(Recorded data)
====================

(* For all positive integers $a,b$, the Aztec rectangle $\mathcal{AR}_{a,b}$ (with no defects) has a cover by L-trominoes if and only if $a(b+1)+b(a+1)\equiv 0 \pmod 3$.
   Context: A cell is a unit square $[i,i+1]\times[j,j+1]$ with $i,j\in\mathbb{Z}$, labelled by its coordinate $(i,j)$. A region is a finite set of cells whose union is connected (cells sharing an edge are adjacent). An L-tromino is a set of three cells equal to a $2\times 2$ block of cells with one cell removed, i.e. a translate of one of $\{(0,0),(1,0),(0,1)\}$, $\{(0,0),(1,0),(1,1)\}$, $\{(0,0),(0,1),(1,1)\}$, $\{(1,0),(0,1),(1,1)\}$. Some cells of a region may be designated as defects. A cover (tiling) of a region $R$ with defect set $D\subseteq R$ is a set of pairwise disjoint L-trominoes, each contained in $R\setminus D$, whose union is exactly $R\setminus D$. For positive integers $a,b$, the Aztec rectangle $\mathcal{AR}_{a,b}$ is (up to translation) the region consisting of the cells $(i,j)\in\mathbb{Z}^2$ with $0\le i+j\le 2b$ and $1\le j-i\le 2a+1$; it has $a$ cells along its southwestern side, $b$ cells along its northwestern side, and $a(b+1)+b(a+1)$ cells in total. *)

theory Defs
  imports Main
begin

type_synonym cell = "int \<times> int"

definition shift :: "cell \<Rightarrow> cell set \<Rightarrow> cell set" where
  "shift v S = (\<lambda>(i,j). (i + fst v, j + snd v)) ` S"

definition L_shapes :: "cell set set" where
  "L_shapes = {{(0,0),(1,0),(0,1)}, {(0,0),(1,0),(1,1)},
               {(0,0),(0,1),(1,1)}, {(1,0),(0,1),(1,1)}}"

definition is_L_tromino :: "cell set \<Rightarrow> bool" where
  "is_L_tromino T \<longleftrightarrow> (\<exists>v. \<exists>S\<in>L_shapes. T = shift v S)"

definition is_cover :: "cell set set \<Rightarrow> cell set \<Rightarrow> cell set \<Rightarrow> bool" where
  "is_cover C R D \<longleftrightarrow>
     (\<forall>T\<in>C. is_L_tromino T \<and> T \<subseteq> R - D) \<and>
     (\<forall>T\<in>C. \<forall>T'\<in>C. T \<noteq> T' \<longrightarrow> T \<inter> T' = {}) \<and>
     \<Union>C = R - D"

====================

» **ASSIGNMENT**: Work through the data line by line and state how many lines have the string "shift"; add nothing else.

» **PROBLEM SOLUTION**: 3